Она замолчала, ища в глазах подруги понимания. Потом протянула к ней мизинец.
— И ещё одно обещание. Самое главное. Мы никогда друг друга не забудем. Никогда. Что бы в жизни ни случилось. Мы — сёстры. Мы — семья. И это навсегда.
Ребекка смотрела на неё сквозь пелену слёз. Секунду, другую. А потом — медленно, неуверенно, как будто двигая тяжёлым грузом, — её губы дрогнули. Уголки рта потянулись вверх, вырисовывая слабую, дрожащую, но настоящую улыбку. Первую за долгие, долгие дни ада. Она кивнула. Коротко, твёрдо. И протянула свой собственный мизинец, обмотанный бинтом.

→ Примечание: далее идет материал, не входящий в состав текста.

(* The generic offset polynomial satisfies $g\in\mathbb C[\bar x][d^2]$, i.e. only even powers of $d$ occur in $g(d,\bar x)$.
   Context: Let $f\in\mathbb C[y_1,y_2,y_3]$ be irreducible, defining a surface $\Sigma$; $f_i=\partial f/\partial y_i$, $h_{\rm imp}=\sum f_i^2$, not identically zero on $\Sigma$. The generic offset $\mathcal O_d(\Sigma)\subset\mathbb C^4$ is the Zariski closure of the projection to $(d,\bar x)$ of the solution set in $(d,\bar x,\bar y,u)$ of: $f(\bar y)=0$; $f_i(\bar y)(x_j-y_j)-f_j(\bar y)(x_i-y_i)=0$ ($i<j$); $\sum_i(x_i-y_i)^2-d^2=0$; $u\,h_{\rm imp}(\bar y)-1=0$. It is a hypersurface whose square-free defining polynomial (defined up to a nonzero constant) is the generic offset polynomial $g(d,\bar x)$. *)

theory Defs
  imports "HOL-Computational_Algebra.Computational_Algebra"
begin

text \<open>Multivariate polynomials are encoded as nested univariate polynomials.
  A polynomial in C[y1,y2,y3] is a term of type complex poly poly poly, with
  y1 the outermost and y3 the innermost variable.  A polynomial in C[d,x1,x2,x3]
  is a term of type complex poly poly poly poly, with d the outermost variable,
  so its coefficients (coeff g k) are the polynomials in C[x1,x2,x3] multiplying d^k.\<close>

type_synonym mpoly3 = "complex poly poly poly"
type_synonym mpoly4 = "complex poly poly poly poly"

definition ev3 :: "mpoly3 \<Rightarrow> complex \<Rightarrow> complex \<Rightarrow> complex \<Rightarrow> complex" where
  "ev3 f y1 y2 y3 = poly (map_poly (\<lambda>q. poly (map_poly (\<lambda>r. poly r y3) q) y2) f) y1"

definition ev4 :: "mpoly4 \<Rightarrow> complex \<Rightarrow> complex \<Rightarrow> complex \<Rightarrow> complex \<Rightarrow> complex" where
  "ev4 g d x1 x2 x3 = poly (map_poly (\<lambda>p. ev3 p x1 x2 x3) g) d"

definition pd1 :: "mpoly3 \<Rightarrow> mpoly3" where "pd1 f = pderiv f"
definition pd2 :: "mpoly3 \<Rightarrow> mpoly3" where "pd2 f = map_poly pderiv f"
definition pd3 :: "mpoly3 \<Rightarrow> mpoly3" where "pd3 f = map_poly (map_poly pderiv) f"

definition h_imp :: "mpoly3 \<Rightarrow> mpoly3" where
  "h_imp f = (pd1 f)^2 + (pd2 f)^2 + (pd3 f)^2"

definition offset_incidence :: "mpoly3 \<Rightarrow> (complex \<times> complex \<times> complex \<times> complex) set" where
  "offset_incidence f = {(d, x1, x2, x3). \<exists>y1 y2 y3 u.
     ev3 f y1 y2 y3 = 0 \<and>
     ev3 (pd1 f) y1 y2 y3 * (x2 - y2) - ev3 (pd2 f) y1 y2 y3 * (x1 - y1) = 0 \<and>
     ev3 (pd1 f) y1 y2 y3 * (x3 - y3) - ev3 (pd3 f) y1 y2 y3 * (x1 - y1) = 0 \<and>
     ev3 (pd2 f) y1 y2 y3 * (x3 - y3) - ev3 (pd3 f) y1 y2 y3 * (x2 - y2) = 0 \<and>
     (x1 - y1)^2 + (x2 - y2)^2 + (x3 - y3)^2 - d^2 = 0 \<and>
     u * ev3 (h_imp f) y1 y2 y3 - 1 = 0}"

definition zero_set4 :: "mpoly4 \<Rightarrow> (complex \<times> complex \<times> complex \<times> complex) set" where
  "zero_set4 g = {(d, x1, x2, x3). ev4 g d x1 x2 x3 = 0}"

definition zariski_closure4 :: "(complex \<times> complex \<times> complex \<times> complex) set \<Rightarrow> (complex \<times> complex \<times> complex \<times> complex) set" where
  "zariski_closure4 S = {z. \<forall>p. S \<subseteq> zero_set4 p \<longrightarrow> z \<in> zero_set4 p}"

definition generic_offset :: "mpoly3 \<Rightarrow> (complex \<times> complex \<times> complex \<times> complex) set" where
  "generic_offset f = zariski_closure4 (offset_incidence f)"

end

theory Submission
  imports Defs "HOL-Computational_Algebra.Field_as_Ring"
begin

(* The offset incidence set is symmetric under d |-> -d, so g(-d, x) vanishes on it,
   hence on its Zariski closure, which is the zero set of g.  A Nullstellensatz for the
   squarefree polynomial g then gives g | g(-d, x); comparing degrees and leading
   coefficients, g(-d, x) = (-1)^(deg g) g(d, x), so g is either even or odd in d.  If g were
   odd, then g = d h.  Points of the incidence set with d = 0 are limits, along the normal
   line to the surface, of incidence points with d <> 0; by continuity h vanishes on the
   incidence set too, so g | h, which is impossible as deg h < deg g. *)

section \<open>Evaluation families\<close>

definition eval_hom :: "('a::comm_ring_1 \<Rightarrow> 'p \<Rightarrow> complex) \<Rightarrow> bool" where
  "eval_hom E \<longleftrightarrow> (\<forall>pt. E 0 pt = 0 \<and> E 1 pt = 1 \<and>
     (\<forall>a b. E (a + b) pt = E a pt + E b pt \<and> E (a * b) pt = E a pt * E b pt))"
(* Let $f:\mathbb{R}^d\to\mathbb{R}$ be differentiable with $L$-Lipschitz gradient and $c$-strongly convex, with minimizer $\vec x^*$. Consider parallel-step SGD iterations with $p$ processors (as defined in the context) with constant learning rate $\alpha\le\frac{1}{4L}$ satisfying elastic consistency with constant $B$. Then for every $t\ge0$, $$\mathbb{E}\|\vec x_{t+1}-\vec x^*\|^2\le\Big(1-\frac{\alpha c}{4}\Big)\mathbb{E}\|\vec x_t-\vec x^*\|^2+\frac{2\alpha^3L^2B^2}{c}+\frac{2\alpha^2\sigma^2}{p}+4L^2\alpha^4B^2.$$
   Context: $c$-strong convexity ($c>0$) means $(\vec x-\vec y)^\top(\nabla f(\vec x)-\nabla f(\vec y))\ge c\|\vec x-\vec y\|^2$ for all $\vec x,\vec y$. All random objects live on a probability space with a filtration $(\mathcal F_t)_{t\ge0}$. Parallel-step SGD iterations with $p$ processors: $\vec x_0\in\mathbb{R}^d$ is deterministic. For each $t\ge0$ a set $I_t\subseteq\{1,\dots,p\}$ with $p/2\le|I_t|\le p$ is given (fixed independently of the algorithm's randomness). Each $i\in I_t$ holds a view $\vec v_t^i$; $\vec x_t$ and all $\vec v_t^i$ are $\mathcal F_t$-measurable. Each $i\in I_t$ computes an $\mathcal F_{t+1}$-measurable stochastic gradient $\tilde G(\vec v_t^i)$; conditionally on $\mathcal F_t$ these are independent across $i\in I_t$, with $\mathbb{E}[\tilde G(\vec v_t^i)\mid\mathcal F_t]=\nabla f(\vec v_t^i)$ and $\mathbb{E}[\|\tilde G(\vec v_t^i)-\nabla f(\vec v_t^i)\|^2\mid\mathcal F_t]\le\sigma^2$. Update: $\vec x_{t+1}=\vec x_t-\frac{\alpha}{p}\sum_{i\in I_t}\tilde G(\vec v_t^i)$. Elastic consistency with constant $B>0$: $\mathbb{E}\|\vec x_t-\vec v_t^i\|^2\le\alpha^2B^2$ for all $t$ and all $i\in I_t$. *)

theory Defs
  imports "HOL-Probability.Probability"
begin

definition cond_indep_vars ::
  "'a measure \<Rightarrow> 'a measure \<Rightarrow> ('i \<Rightarrow> 'a \<Rightarrow> 'b::topological_space) \<Rightarrow> 'i set \<Rightarrow> bool" where
  "cond_indep_vars M F X I \<longleftrightarrow>
     (\<forall>J A. J \<subseteq> I \<longrightarrow> finite J \<longrightarrow> (\<forall>i\<in>J. A i \<in> sets borel) \<longrightarrow>
        (AE \<omega> in M. real_cond_exp M F (\<lambda>\<omega>'. \<Prod>i\<in>J. indicator (A i) (X i \<omega>')) \<omega>
                   = (\<Prod>i\<in>J. real_cond_exp M F (\<lambda>\<omega>'. indicator (A i) (X i \<omega>')) \<omega>)))"

end

theory Submission
  imports Defs
begin

text \<open>
  One step splits as \<open>x\<^sub>t\<^sub>+\<^sub>1 - x\<^sup>* = Y - (\<alpha>/p) \<Sum>\<^sub>i n\<^sub>i\<close>, with the \<open>F\<^sub>t\<close>-measurable drift
  \<open>Y = x\<^sub>t - x\<^sup>* - (\<alpha>/p) \<Sum>\<^sub>i \<nabla>f(v\<^sub>t\<^sup>i)\<close> and the gradient noise \<open>n\<^sub>i = G(v\<^sub>t\<^sup>i) - \<nabla>f(v\<^sub>t\<^sup>i)\<close>.
  The noise has conditional mean zero, so it is orthogonal to \<open>Y\<close> in \<open>L\<^sup>2\<close>, and conditional
  independence makes the \<open>n\<^sub>i\<close> pairwise orthogonal; hence
  \<open>E|x\<^sub>t\<^sub>+\<^sub>1 - x\<^sup>*|\<^sup>2 = E|Y|\<^sup>2 + (\<alpha>/p)\<^sup>2 \<Sum>\<^sub>i E|n\<^sub>i|\<^sup>2 \<le> E|Y|\<^sup>2 + \<alpha>\<^sup>2\<sigma>\<^sup>2/p\<close>.

  The drift is a deterministic inexact gradient step. Strong convexity and
  \<open>|\<nabla>f(x)|\<^sup>2 \<le> 2L \<langle>x - x\<^sup>*, \<nabla>f(x)\<rangle>\<close> (the descent lemma at \<open>x - \<nabla>f(x)/L\<close> compared with
  convexity at \<open>x\<^sup>*\<close>) contract \<open>|x\<^sub>t - x\<^sup>*|\<^sup>2\<close> by the factor \<open>1 - \<alpha>c/4\<close>, while the error
  caused by the stale views \<open>v\<^sub>t\<^sup>i\<close> is controlled by the Lipschitz bound and elastic consistency.
\<close>

section \<open>Smooth strongly convex functions\<close>

lemma has_real_derivative_along_line:
  fixes f :: "'v::real_inner \<Rightarrow> real"
  assumes "\<And>y. GDERIV f y :> gradf y"
  shows "((\<lambda>s. f (y + s *\<^sub>R u)) has_real_derivative gradf (y + s *\<^sub>R u) \<bullet> u) (at s)"
proof -
  have "((\<lambda>s. y + s *\<^sub>R u) has_derivative (\<lambda>h. h *\<^sub>R u)) (at s)"
    by (auto intro!: derivative_eq_intros)
  from has_derivative_compose[OF this assms[of "y + s *\<^sub>R u", unfolded gderiv_def]]
  show ?thesis
    by (simp add: has_field_derivative_def mult_commute_abs inner_commute)
qed
lemma Gforce_lower_bound:
  fixes lmb x :: "'o::wellorder"
  assumes DG: "D \<subseteq> Gforce lmb \<kappa> lam" and compatible: "compatible_maps D"
    and D_small: "D \<lesssim> below \<kappa>" and "\<kappa> < lmb" and inf: "infinite (below lmb)"
    and big: "below lmb \<prec> below x"
    and f: "f \<in> (\<Pi>\<^sub>E i\<in>below \<kappa>. below (lam i))"
      "\<forall>p\<in>D. lt_star \<kappa> (the (p (last_index p))) f"
  shows "\<exists>r\<in>Gforce lmb \<kappa> lam. \<forall>p\<in>D. ext_le r p"
proof -
  have indices_small: "last_index ` D \<lesssim> below \<kappa>" by (rule lepoll_trans[OF image_lepoll D_small])
  have "below \<kappa> \<subseteq> below lmb" using \<open>\<kappa> < lmb\<close> unfolding below_def by auto
  with indices_small have indices_lmb: "last_index ` D \<lesssim> below lmb"
    by (meson lepoll_trans subset_imp_lepoll)
  have bounded: "\<forall>t\<in>last_index ` D. t < x"
    using DG GforceD(1) less_if_below_lepoll_lesspoll[OF _ big] by blast
  define \<delta> where "\<delta> = strict_sup (last_index ` D)"
  have "cf \<delta> \<le> \<kappa>" unfolding \<delta>_def by (rule cf_strict_sup_le[OF bounded indices_small])
  have "below \<delta> \<lesssim> below lmb"
    unfolding \<delta>_def by (rule below_strict_sup_lepoll[OF inf indices_lmb]) (use DG GforceD(1) in blast)
  have \<delta>_above: "\<forall>p\<in>D. last_index p < \<delta>"
    using less_strict_sup[OF bounded] unfolding \<delta>_def by blast
  have \<delta>_least: "\<forall>\<beta><\<delta>. \<exists>p\<in>D. \<beta> \<le> last_index p"
  proof (intro allI impI)
    fix \<beta> assume "\<beta> < \<delta>"
    then obtain t where "t \<in> last_index ` D" "\<beta> \<le> t"
      using less_strict_supD unfolding \<delta>_def by blast
    then show "\<exists>p\<in>D. \<beta> \<le> last_index p" by blast
  qed
  have "glue D \<delta> f \<in> Gforce lmb \<kappa> lam"
    by (rule Gforce_glue[OF DG compatible \<delta>_above \<delta>_least \<open>below \<delta> \<lesssim> below lmb\<close>
          \<open>cf \<delta> \<le> \<kappa>\<close> f])
  moreover have "ext_le (glue D \<delta> f) p" if "p \<in> D" for p
  proof (rule ext_le_glue[OF compatible that])
    have "dom p = {\<beta>. \<beta> \<le> last_index p}" "last_index p < \<delta>"
      using GforceD(2) DG that \<delta>_above by blast+
    then show "dom p \<subseteq> below \<delta>" unfolding below_def by (auto intro: le_less_trans)
  qed
  ultimately show ?thesis by blast
qed
theorem proposition4p2:
  fixes sH :: "'k::field \<Rightarrow> 'h::ring_1 \<Rightarrow> 'h"
    and \<Delta> :: "'h \<Rightarrow> ('h \<times> 'h) list"
    and \<epsilon> :: "'h \<Rightarrow> 'k"
    and sA :: "'k \<Rightarrow> 'a::ring_1 \<Rightarrow> 'a"
    and pl :: "'h \<Rightarrow> 'a \<Rightarrow> 'a"
    and pr :: "'a \<Rightarrow> 'h \<Rightarrow> 'a"
    and psl :: "'a \<Rightarrow> ('h \<times> 'a) list"
    and psr :: "'a \<Rightarrow> ('a \<times> 'h) list"
  assumes "k_algebra sA"
    and "LR_twisting_datum sH \<Delta> \<epsilon> sA pl pr psl psr"
  defines "bullet \<equiv> twisted_mult pl pr psl psr"
  shows "(\<forall>a b c. bullet (bullet a b) c = bullet a (bullet b c)) \<and>
         (\<forall>a. bullet 1 a = a \<and> bullet a 1 = a) \<and>
         (\<forall>a a' b. bullet (a + a') b = bullet a b + bullet a' b) \<and>
         (\<forall>a b b'. bullet a (b + b') = bullet a b + bullet a b') \<and>
         (\<forall>c a b. bullet (sA c a) b = sA c (bullet a b) \<and> bullet a (sA c b) = sA c (bullet a b))"
proof -
  interpret LR_twisting sH \<Delta> \<epsilon> sA pl pr psl psr
    using assms(1,2) unfolding LR_twisting_def LR_twisting_datum_def bialgebra_def
      bimodule_algebra_def bicomodule_algebra_def by auto
  show ?thesis
    unfolding bullet_def
    using bullet_assoc bullet_1_left bullet_1_right linear_bullet_left linear_bullet_right
    unfolding linear_iff by auto
qed

end
text \<open>Exactness of the trapezoidal rule with \<open>s\<close> panels on \<open>[0, \<pi>]\<close> for \<open>cos (r\<theta>)\<close>.\<close>
lemma trapezoid_sum_cos:
  assumes "0 < r" "r < 2 * s"
  shows "(\<Sum>k\<le>s. trap_weight s k * cos (real k * (real r * pi / real s))) = 0"
proof -
  define a where "a = real r * pi / real s"
  have "s > 0" using assms by simp
  then have sa: "real s * a = real r * pi"
    by (simp add: a_def)
  have "0 < a / 2" "a / 2 < pi"
    using assms by (auto simp: a_def field_simps)
  then have sin_pos: "sin (a/2) > 0"
    by (rule sin_gt_zero)
  have "sin ((2 * real s + 1) * a / 2) = (-1)^r * sin (a/2)"
    using sa by (simp add: distrib_right add_divide_distrib sin_add)
  then have "sin (a/2) * (2 * (\<Sum>k\<le>s. cos (real k * a))) = sin (a/2) * ((-1)^r + 1)"
    using sin_mult_sum_cos[of a s] by (simp add: algebra_simps)
  then have "2 * (\<Sum>k\<le>s. cos (real k * a)) = (-1)^r + 1"
    using sin_pos by simp
  then show ?thesis
    using sum_trap_weight_mult[OF \<open>s > 0\<close>, of "\<lambda>k. cos (real k * a)"] sa
    by (simp add: a_def)
qed

lemma trapezoid_sum_alt_cos:
  assumes "s > 0" "j \<le> s"
  shows "(\<Sum>k\<le>s. trap_weight s k * (-1)^k * cos (real k * (real j * pi / real s)))
          = (if j = s then real s else 0)"
proof (cases "j = s")
  case True
  then show ?thesis
    using assms sum_trap_weight by (simp add: mult.assoc)
next
  case False
  have "(-1)^k * cos (real k * (real j * pi / real s))
      = (cos (real k * (real (s - j) * pi / real s)) + cos (real k * (real (s + j) * pi / real s))) / 2"
    for k
  proof -
    have "(-1)^k * cos (real k * (real j * pi / real s))
        = cos (real k * pi) * cos (real k * (real j * pi / real s))"
      by simp
    also have "\<dots> = (cos (real k * pi - real k * (real j * pi / real s))
                   + cos (real k * pi + real k * (real j * pi / real s))) / 2"
      by (rule cos_times_cos)
    finally show ?thesis
      using assms by (simp add: field_simps)
  qed
  then have "(\<Sum>k\<le>s. trap_weight s k * (-1)^k * cos (real k * (real j * pi / real s)))
      = (\<Sum>k\<le>s. trap_weight s k * cos (real k * (real (s - j) * pi / real s))) / 2
        + (\<Sum>k\<le>s. trap_weight s k * cos (real k * (real (s + j) * pi / real s))) / 2"
    by (simp add: mult.assoc sum.distrib sum_divide_distrib add_divide_distrib distrib_left)
  then show ?thesis
    using trapezoid_sum_cos[of "s - j" s] trapezoid_sum_cos[of "s + j" s] assms False by simp
qed

definition cheb_node :: "nat \<Rightarrow> nat \<Rightarrow> real" where
  "cheb_node s k = (sin (real k * pi / (2 * real s)))\<^sup>2"

lemma poly_cheb_poly_cheb_node:
  "poly (cheb_poly j) (cheb_node s k) = cos (real k * (real j * pi / real s))"
  unfolding cheb_node_def poly_cheb_poly by (simp add: algebra_simps)
(* Let $\alpha\ge1$ be an integer and $0<\eta_1<\dots<\eta_\alpha<1$. Let $r_y$ be the rank function on $[-D,D]$ with thresholds $q_j=\eta_jD$ ($j=1,\dots,\alpha$), and let $r_z$ be the rank function on $[-2V,2V]$ with thresholds $q_j=\eta_j\xi V$ ($j=1,\dots,\alpha$) and $q_{\alpha+1}=\xi V$ (so $z$ has $\beta=\alpha+1$ thresholds). For $\mathbf{x}_1,\mathbf{x}_2\in S$ let $y=f(\mathbf{x}_1)-f(\mathbf{x}_2)$, $z=\theta(\mathbf{x}_1)-\theta(\mathbf{x}_2)$, $\varphi=r_y(y)+r_z(z)$, and $e=\xi V/D$. Then for all $\mathbf{x}_1,\mathbf{x}_2\in S$: (i) if $\varphi<0$ then $\pi(\mathbf{x}_1)>\pi(\mathbf{x}_2)$; (ii) if $\varphi>0$ then $\pi(\mathbf{x}_1)<\pi(\mathbf{x}_2)$; (iii) if $\varphi=0$ and $z=-ey$ then $\pi(\mathbf{x}_1)=\pi(\mathbf{x}_2)$; (iv) if $\varphi=0$ and $z<-ey$ then $\pi(\mathbf{x}_1)>\pi(\mathbf{x}_2)$; (v) if $\varphi=0$ and $z>-ey$ then $\pi(\mathbf{x}_1)<\pi(\mathbf{x}_2)$.
   Context: Let $S\subset\mathbb{R}^k$ be a compact box, $f,g_1,\dots,g_m,h_{m+1},\dots,h_n:S\to\mathbb{R}$ continuous, $\delta>0$. Put $v_i(\mathbf{x})=\max\{g_i(\mathbf{x}),0\}$ ($i\le m$), $v_i(\mathbf{x})=\max\{|h_i(\mathbf{x})|-\delta,0\}$ ($m<i\le n$), $\vartheta(\mathbf{x})=\sum_{i=1}^n v_i(\mathbf{x})$; $\mathbf{x}$ is feasible iff $\vartheta(\mathbf{x})=0$. Let $D=\max_S f-\min_S f$ and $V=\max_S\vartheta$, and assume $D>0$, $V>0$. Define $\theta(\mathbf{x})=-V$ if $\vartheta(\mathbf{x})=0$ and $\theta(\mathbf{x})=\vartheta(\mathbf{x})$ otherwise. Let $\rho(\mathbf{x})=\#\{i: v_i(\mathbf{x})>0\}$ and $\mathbb{I}(\rho(\mathbf{x})>0)$ be $1$ if $\rho(\mathbf{x})>0$ and $0$ otherwise. Fix $0<\xi\le 1$ and define $\sigma(\mathbf{x})=\mathbb{I}(\rho(\mathbf{x})>0)\,D+\frac{D}{\xi V}\theta(\mathbf{x})$, $\pi(\mathbf{x})=-(f(\mathbf{x})+\sigma(\mathbf{x}))$. Rank function: given $b>0$ and thresholds $0<q_1<\dots<q_a<b$, set $q_0=0$, $q_{a+1}=b$ and define $r:[-b,b]\to\mathbb{Z}$ by $r(0)=0$; $r(\Delta)=j$ if $q_{j-1}<\Delta\le q_j$ ($1\le j\le a+1$); $r(\Delta)=-j$ if $-q_j\le\Delta<-q_{j-1}$ ($1\le j\le a+1$). *)

theory Defs
  imports "HOL-Analysis.Analysis"
begin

Их маленькие пальцы сплелись в клятве — тёплой, живой, хрупкой, но непоколебимой, как скала посреди бушующего моря их горя.
Потом они снова обнялись. Крепко, отчаянно, как будто пытались впитать друг в друга на годы разлуки вперёд тепло, запах, саму суть друг друга. Ингрид прижималась щекой к волосам Ребби, шепча ей на ухо сквозь предательские слёзы:
— Мы выживем, Ребби. Мы обязательно выживем. Ради него. Ради друг друга.